Даже внешне они были противоположны

Рубрика: Июль.Соблазн

Даже внешне они были противоположны: недаром Пастернак всем казался выше своего среднего роста, а Мандельштам большинству мемуаристов — ниже своего, тоже среднего. Пастернак до старости выглядел много моложе своих лет, только в последний год жизни, по свидетельству Чуковского, превратился в «старичка». Мандельштам и в сорок выглядел стариком, да еще и хор критиков уверял его в том, что он кончился, устарел, остался в тринадцатом… Юношеская свежесть, открытость миру, красота и физическое здоровье Пастернака бросались в глаза — особенно по контрасту с мандельштамовским задыханьем, неловкостью, неряшливостью костюма, вспышками гнева и паники… Параллелизм в их судьбах отмечался многажды и только подчеркивает глубинное несходство: у обоих матери — пианистки, поклонницы Антона Рубинштейна. Оба родились зимой, с разницей в год. Оба с отличием окончили гимназический курс и думали о юридическом факультете. Оба женились в 1923 году. В начале тридцатых оба уехали из Москвы в долгие южные путешествия, но Мандельштам с женой — в нищую каменную Армению, а Пастернак с женой (тогда еще чужой) — в щедрую плодородную Грузию. В середине тридцатых оба испытали припадок внезапной и как будто необъяснимой нервной болезни со сходными симптомами: депрессия, беспричинный страх, неспособность оставаться в одиночестве, бессонница, творческий спад… Мандельштам перенес свою болезнь в воронежской ссылке, куда он попал по доносу московских коллег; Пастернак — на парижском конгрессе писателей, куда его отправили по настоянию коллег европейских.
Ключ к диаметральному различию их творческих методов, установок и биографий дан в одной важной фразе Пастернака; вообще с Мандельштамом он всегда говорил всерьез — оттого такой интерес представляет их переписка и немногочисленные частные встречи. 10 ноября 1932 года, после вечера Осипа Мандельштама в «Литературной газете», Пастернак сказал ему золотые слова:

«Как я вам завидую! Вы как Хлебников… Вам нужна свобода, а мне нужна несвобода».

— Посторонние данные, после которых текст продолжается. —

lemma lex_argmax_Suc_eq_maximizers:
  assumes const: "\<And>d x y. d < k \<Longrightarrow> x \<in> S \<Longrightarrow> y \<in> S \<Longrightarrow> f d x = f d y"
  shows "lex_argmax f S (Suc k) = maximizers (f k) S"
proof -
  have "lex_argmax f S d = S" if "d \<le> k" for d
    using that
  proof (induction d)
    case (Suc d)
    have "\<forall>x\<in>S. \<forall>y\<in>S. f d y \<le> f d x"
      using const[of d] Suc.prems by (metis Suc_le_lessD order_refl)
    then show ?case using Suc by (auto simp: maximizers_def)
  qed simp
  then show ?thesis
    by simp
qed

section \<open>Outcomes of subgame-perfect equilibria are efficient\<close>

text \<open>Announcing the centred version of U - e [b] forces the outcome b at a cost
  of at most the average of U plus e, while any announcement costs at least that average.\<close>

lemma optimal_announcement_maximizes:
  fixes U V :: "'a \<Rightarrow> real" and c :: "('a \<Rightarrow> real) \<Rightarrow> 'a"
  assumes fin: "finite A" and p: "p \<in> Pset A" and b: "b \<in> A"
    and follow: "\<And>q. q \<in> Pset A \<Longrightarrow> c q \<in> maximizers (\<lambda>x. U x - q x) A"
    and optimal: "\<And>q. q \<in> Pset A \<Longrightarrow> V (c q) - (U (c q) - q (c q)) \<le> V (c p) - (U (c p) - p (c p))"
  shows "V b \<le> V (c p)"
proof (rule field_le_epsilon)
  fix e :: real
  assume e: "0 < e"
  have k: "real (card A) > 0"
    using fin b card_gt_0_iff by fastforce
  define g where "g x = U x - (if x = b then e else 0)" for x
  define K where "K = sum g A / real (card A)"
  define q where "q = centered A g"
  have q: "q \<in> Pset A"
    unfolding q_def by (rule centered_in_Pset)
  have Uq: "U x - q x = (if x = b then e else 0) + K" if "x \<in> A" for x
    using that by (simp add: q_def centered_def g_def K_def)
  have "c q \<in> A" "U b - q b \<le> U (c q) - q (c q)"
    using follow[OF q] b by (auto simp: maximizers_def)
  then have cq: "c q = b"
    using Uq[of b] Uq[of "c q"] b e by (auto split: if_splits)
  have "sum U A \<le> real (card A) * (U (c p) - p (c p))"
    using follow[OF p] by (intro Pset_maximizer_above_average[OF fin p]) (auto simp: maximizers_def)
  moreover have "sum g A = sum U A - e"
    using fin b by (simp add: g_def sum_subtractf)
  ultimately have "K \<le> U (c p) - p (c p)"
    using k e by (simp add: K_def divide_le_eq mult.commute)
  moreover have "V b - (e + K) \<le> V (c p) - (U (c p) - p (c p))"
    using optimal[OF q] cq Uq[OF b] by simp
  ultimately show "V b \<le> V (c p) + e"
    by linarith
qed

Пастернак — в 1932 году явно, хоть и не без внутреннего протеста носивший звание первого поэта страны,— и Мандельштам, к 1932 году ставший полунищим маргиналом,— по статусу и популярности в это время настолько несопоставимы, что признание Пастернака «Я вам завидую» выглядит чуть ли не издевательским. И тем не менее — да, завидовал; всегда тяготился своей «нормальностью», внятностью — и подспудно тянулся к тем, кто умеет писать непонятно, темно и торжественно, мало завися от читателя.
Что касается Хлебникова, это никак не комплимент. Отношение Пастернака к предтече русского футуризма было неоднозначным, и тут уж он, при всем самоумалении, настаивал на собственной линии в искусстве. В «Людях и положениях» он признает, что Хлебникова «недооценивал», в «Охранной грамоте» высказывается осторожно и уклончиво:

«Был, правда, Хлебников с его тонкой подлинностью. Но часть его заслуг и доныне для меня недоступна, потому что поэзия моего пониманья все же протекает в истории и в сотрудничестве с действительной жизнью».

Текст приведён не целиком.